This document describes a new aluminum alloy that has good formability at high temperatures. strain rate at elevated temperatures (for example, at temperatures up to 2502C). As used herein, "high strain rate" refers to a strain rate of at least 0.5 s-1. For example, a high strain rate can be at least 0.5 s-1, at least 0.6 s-1, at least 0.7 s-1, at least 0.8 s-1, or at least 0.9s-1.

The alloy compositions described herein are aluminum-containing alloy compositions. The alloy compositions exhibit good high-strain-rate formability at elevated temperatures. High strain rate formability is achieved due to the elemental compositions of the alloys. Specifically, an alloy as described herein may have the following elemental composition as given in Table 1 (which is not according to the invention). The components of the composition are given in terms of weight percent (wt%) based on the total weight of the alloy.

Table 1

An alloy as described herein has the following elemental composition as given in Table 2. The components of the composition are given in terms of weight percent (wt%) based on the total weight of the alloy.

Table 2

In some embodiments, the alloy as described herein may have the following elemental composition as provided in Table 3. Composition components are provided in terms of weight percent (wt%) based on total weight of the alloy.

Table 3

In some embodiments, the alloy described herein includes silicon (Si) in an amount from 0.25% to 0.35% (eg, 0.25% to 0.30% or 0.27% to 0.30%) based on the total weight of the alloy. For example, the alloy may include 0.25%, 0.26%, 0.27%, 0.28%, 0.29%, 0.30%, 0.31%, 0.32%, 0.33 %, 0.34% or 0.35% Si. All expressed in percentage by weight.

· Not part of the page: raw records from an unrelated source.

lemma finite_graph_triangles: "finite V \<Longrightarrow> finite (graph_triangles E V)"
  unfolding graph_triangles_def triangle_on_def by (auto intro: finite_subset[of _ "Pow V"])

lemma card_family_of_k_subsets_le:
  assumes "finite X" "\<And>A. A \<in> F \<Longrightarrow> A \<subseteq> X \<and> card A = k"
  shows "card F \<le> card X choose k"
proof -
  have "card F \<le> card {A. A \<subseteq> X \<and> card A = k}"
    using assms by (intro card_mono) auto
  then show ?thesis
    using n_subsets[OF assms(1)] by simp
qed

lemma disjoint_family_card_le:
  assumes "finite W" "\<And>i. i \<in> I \<Longrightarrow> A i \<subseteq> W" "\<And>i. i \<in> I \<Longrightarrow> card (A i) = k"
    and "disjoint_family_on A I"
  shows "k * card I \<le> card W"
proof (cases "finite I")
  case True
  have "card (\<Union>i\<in>I. A i) = (\<Sum>i\<in>I. card (A i))"
    using assms True by (intro card_UN_disjoint') (auto intro: finite_subset)
  then have "k * card I = card (\<Union>i\<in>I. A i)"
    using assms(3) by simp
  also have "\<dots> \<le> card W"
    using assms by (intro card_mono) auto
  finally show ?thesis .
qed simp

lemma edge_of_triple_cases:
  assumes "edge_of e {a, b, c}"
  shows "e = {a, b} \<or> e = {a, c} \<or> e = {b, c}"
proof -
  obtain x y where e: "e = {x, y}" "x \<noteq> y"
    using assms by (auto simp: edge_of_def card_2_iff)
  moreover have "x \<in> {a, b, c}" "y \<in> {a, b, c}"
    using assms e by (auto simp: edge_of_def)
  ultimately show ?thesis
    by (auto simp: insert_commute)
qed

lemma triangle_in_graph_triangles:
  assumes "{a, b, c} \<subseteq> V" "a \<noteq> b" "a \<noteq> c" "b \<noteq> c" "{a, b} \<in> E" "{a, c} \<in> E" "{b, c} \<in> E"
  shows "{a, b, c} \<in> graph_triangles E V"
  unfolding graph_triangles_def triangle_on_def
proof (intro CollectI conjI allI impI)
  show "{a, b, c} \<subseteq> V" "card {a, b, c} = 3"
    using assms by simp_all
  fix e assume "edge_of e {a, b, c}"
  then show "e \<in> E"
    using edge_of_triple_cases assms(5-7) by metis
qed

locale closed_clique =
  fixes E :: "'a set set" and V X :: "'a set"
  assumes finite: "finite V"
    and graph: "\<forall>e\<in>E. e \<subseteq> V \<and> card e = 2"
    and subset: "X \<subseteq> V"
    and clique: "\<And>e. e \<subseteq> X \<Longrightarrow> card e = 2 \<Longrightarrow> e \<in> E"
    and closed: "\<And>S e. S \<in> graph_triangles E V \<Longrightarrow> e \<subseteq> X \<Longrightarrow> edge_of e S \<Longrightarrow> S \<subseteq> X"
begin

lemma outside_neighbour_unique:
  assumes "w \<in> V - X" "x1 \<in> X" "x2 \<in> X" "{x1, w} \<in> E" "{x2, w} \<in> E"
  shows "x1 = x2"
proof (rule ccontr)
  assume ne: "x1 \<noteq> x2"
  have "{x1, x2} \<in> E"
    using ne assms(2,3) by (intro clique) auto
  with assms ne subset have "{x1, x2, w} \<in> graph_triangles E V"
    by (intro triangle_in_graph_triangles) auto
  moreover have "{x1, x2} \<subseteq> X"
    using assms(2,3) by simp
  moreover have "edge_of {x1, x2} {x1, x2, w}"
    using ne by (simp add: edge_of_def)
  ultimately have "{x1, x2, w} \<subseteq> X"
    by (rule closed)
  with assms(1) show False by simp
qed

definition crossing_edges :: "'a set set" where
  "crossing_edges = {e\<in>E. e \<inter> X \<noteq> {} \<and> \<not> e \<subseteq> X}"

lemma crossing_edge_obtain:
  assumes "e \<in> crossing_edges"
  obtains x w where "x \<in> X" "w \<in> V - X" "e = {x, w}" "e - X = {w}"
proof -
  have e: "e \<in> E" "e \<inter> X \<noteq> {}" "\<not> e \<subseteq> X"
    using assms by (simp_all add: crossing_edges_def)
  have "card e = 2" "e \<subseteq> V"
    using graph e(1) by simp_all
  then obtain a b where ab: "e = {a, b}" "a \<in> V" "b \<in> V"
    by (auto simp: card_2_iff)
  consider "a \<in> X" "b \<notin> X" | "b \<in> X" "a \<notin> X"
    using e(2,3) ab(1) by blast
  then show ?thesis
  proof cases
    case 1
    then show ?thesis
      using that[of a b] ab by auto
  next
    case 2
    then show ?thesis
      using that[of b a] ab by (auto simp: insert_commute)
  qed
qed

lemma card_edges_le:
  "card E \<le> card {e\<in>E. e \<subseteq> V - X} + (card X choose 2) + card (V - X)"
proof -
  have finX: "finite X"
    using finite subset finite_subset by blast
  have "finite E"
    using graph finite by (auto intro: finite_subset[of _ "Pow V"])
  then have "card E \<le> card ({e\<in>E. e \<subseteq> V - X} \<union> {e\<in>E. e \<subseteq> X} \<union> crossing_edges)"
    using graph by (intro card_mono) (auto simp: crossing_edges_def)
  also have "\<dots> \<le> card {e\<in>E. e \<subseteq> V - X} + card {e\<in>E. e \<subseteq> X} + card crossing_edges"
    by (meson card_Un_le add_right_mono order_trans)
  also have "card {e\<in>E. e \<subseteq> X} \<le> card X choose 2"
    using graph finX by (intro card_family_of_k_subsets_le) auto
  also have "card crossing_edges \<le> card (V - X)"
  proof -
    have "1 * card crossing_edges \<le> card (V - X)"
    proof (rule disjoint_family_card_le[where A = "\<lambda>e. e - X"])
      fix e assume "e \<in> crossing_edges"
      then obtain x w where "x \<in> X" "w \<in> V - X" "e = {x, w}" "e - X = {w}"
        by (rule crossing_edge_obtain)
      then show "e - X \<subseteq> V - X" "card (e - X) = 1"
        by simp_all
    next
      show "disjoint_family_on (\<lambda>e. e - X) crossing_edges"
        unfolding disjoint_family_on_def
      proof (intro ballI impI, rule ccontr)
        fix e1 e2
        assume e: "e1 \<in> crossing_edges" "e2 \<in> crossing_edges" "e1 \<noteq> e2"
          "(e1 - X) \<inter> (e2 - X) \<noteq> {}"
        obtain x1 w where 1: "x1 \<in> X" "w \<in> V - X" "e1 = {x1, w}" "e1 - X = {w}"
          using e(1) by (rule crossing_edge_obtain)
        obtain x2 w2 where 2: "x2 \<in> X" "e2 = {x2, w2}" "e2 - X = {w2}"
          using e(2) by (rule crossing_edge_obtain)
        have "w2 = w"
          using e(4) 1(4) 2(3) by auto
        moreover have "e1 \<in> E" "e2 \<in> E"
          using e(1,2) by (simp_all add: crossing_edges_def)
        ultimately have "x1 = x2"
          using 1 2 outside_neighbour_unique by simp
        with e(3) 1 2 \<open>w2 = w\<close> show False by simp
      qed
    qed (use finite in simp)
    then show ?thesis by simp
  qed
  finally show ?thesis by simp
qed

lemma card_triangles_le:
  assumes disj: "triangles_edge_disjoint E V"
  shows "2 * card (graph_triangles E V)
    \<le> 2 * card (graph_triangles {e\<in>E. e \<subseteq> V - X} (V - X)) + 2 * (card X choose 3) + card (V - X)"
proof -
  let ?T = "graph_triangles E V"
  define L where "L = {S\<in>?T. card (S \<inter> X) = 1}"
  have finX: "finite X"
    using finite subset finite_subset by blast
  have "?T \<subseteq> graph_triangles {e\<in>E. e \<subseteq> V - X} (V - X) \<union> {S\<in>?T. S \<subseteq> X} \<union> L"
  proof
    fix S assume S: "S \<in> ?T"
    then have "S \<subseteq> V" "finite (S \<inter> X)"
      using finX by (simp_all add: graph_triangles_def triangle_on_def)
    consider "card (S \<inter> X) = 0" | "card (S \<inter> X) = 1" | "2 \<le> card (S \<inter> X)"
      by linarith
    then show "S \<in> graph_triangles {e\<in>E. e \<subseteq> V - X} (V - X) \<union> {S\<in>?T. S \<subseteq> X} \<union> L"
    proof cases
      case 1
      then have "S \<subseteq> V - X"
        using \<open>S \<subseteq> V\<close> \<open>finite (S \<inter> X)\<close> by auto
      then show ?thesis
        using S graph_triangles_restrict[of "V - X" V E] by blast
    next
      case 2
      then show ?thesis
        using S by (simp add: L_def)
    next
      case 3
      then obtain e where "e \<subseteq> S \<inter> X" "card e = 2"
        by (rule obtain_subset_with_card_n)
      then have "S \<subseteq> X"
        using closed[OF S, of e] by (simp add: edge_of_def)
      then show ?thesis
        using S by simp
    qed
  qed
  then have "card ?T \<le>
      card (graph_triangles {e\<in>E. e \<subseteq> V - X} (V - X) \<union> {S\<in>?T. S \<subseteq> X} \<union> L)"
    using finite by (intro card_mono) (simp_all add: finite_graph_triangles L_def)
  also have "\<dots> \<le>
      card (graph_triangles {e\<in>E. e \<subseteq> V - X} (V - X)) + card {S\<in>?T. S \<subseteq> X} + card L"
    by (meson card_Un_le add_right_mono order_trans)
  also have "card {S\<in>?T. S \<subseteq> X} \<le> card X choose 3"
    using finX by (intro card_family_of_k_subsets_le) (auto simp: graph_triangles_def triangle_on_def)
  finally have "2 * card ?T \<le>
      2 * card (graph_triangles {e\<in>E. e \<subseteq> V - X} (V - X)) + 2 * (card X choose 3) + 2 * card L"
    by simp
  moreover have "2 * card L \<le> card (V - X)"
  proof (rule disjoint_family_card_le[where A = "\<lambda>S. S - X"])
    fix S assume "S \<in> L"
    then have "S \<subseteq> V" "card S = 3" "card (S \<inter> X) = 1"
      by (simp_all add: L_def graph_triangles_def triangle_on_def)
    moreover have "finite (S \<inter> X)"
      using \<open>card (S \<inter> X) = 1\<close> by (simp add: card_ge_0_finite)
    ultimately show "S - X \<subseteq> V - X" "card (S - X) = 2"
      by (auto simp: card_Diff_subset_Int)
  next
    show "disjoint_family_on (\<lambda>S. S - X) L"
      unfolding disjoint_family_on_def
    proof (intro ballI impI, rule ccontr)
      fix S1 S2
      assume S: "S1 \<in> L" "S2 \<in> L" "S1 \<noteq> S2" "(S1 - X) \<inter> (S2 - X) \<noteq> {}"
      then obtain w where w: "w \<in> S1 - X" "w \<in> S2 - X"
        by blast
      obtain x1 x2 where x: "S1 \<inter> X = {x1}" "S2 \<inter> X = {x2}"
        using S(1,2) by (auto simp: L_def card_1_singleton_iff)
      have T: "S1 \<in> ?T" "S2 \<in> ?T"
        using S(1,2) by (simp_all add: L_def)
      have E: "{x1, w} \<in> E" "{x2, w} \<in> E"
        using graph_triangles_edge[OF T(1), of x1 w] graph_triangles_edge[OF T(2), of x2 w] x w
        by auto
      have "w \<in> V - X"
        using T(1) w(1) by (auto simp: graph_triangles_def triangle_on_def)
      then have "x1 = x2"
        using x E by (intro outside_neighbour_unique) auto
      moreover have "{x1, w} \<subseteq> S1" "{x2, w} \<subseteq> S2"
        using x w by auto
      ultimately have "S1 = S2"
        using disj E(1) T unfolding triangles_edge_disjoint_def by auto
      with S(3) show False ..
    qed
  qed (use finite in simp)
  ultimately show ?thesis
    by linarith
qed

In some embodiments, the alloy described herein also includes iron (Fe) in an amount of 0.40% to 0.50% (eg, 0.40% to 0.45%) based on total weight. of the alloy. For example, the alloy may include 0.40%, 0.41%, 0.42%, 0.43%, 0.44%, 0.45%, 0.46%, 0.47%, 0.48 %, 0.49% or 0.50% of Fe. All expressed as a percentage by weight.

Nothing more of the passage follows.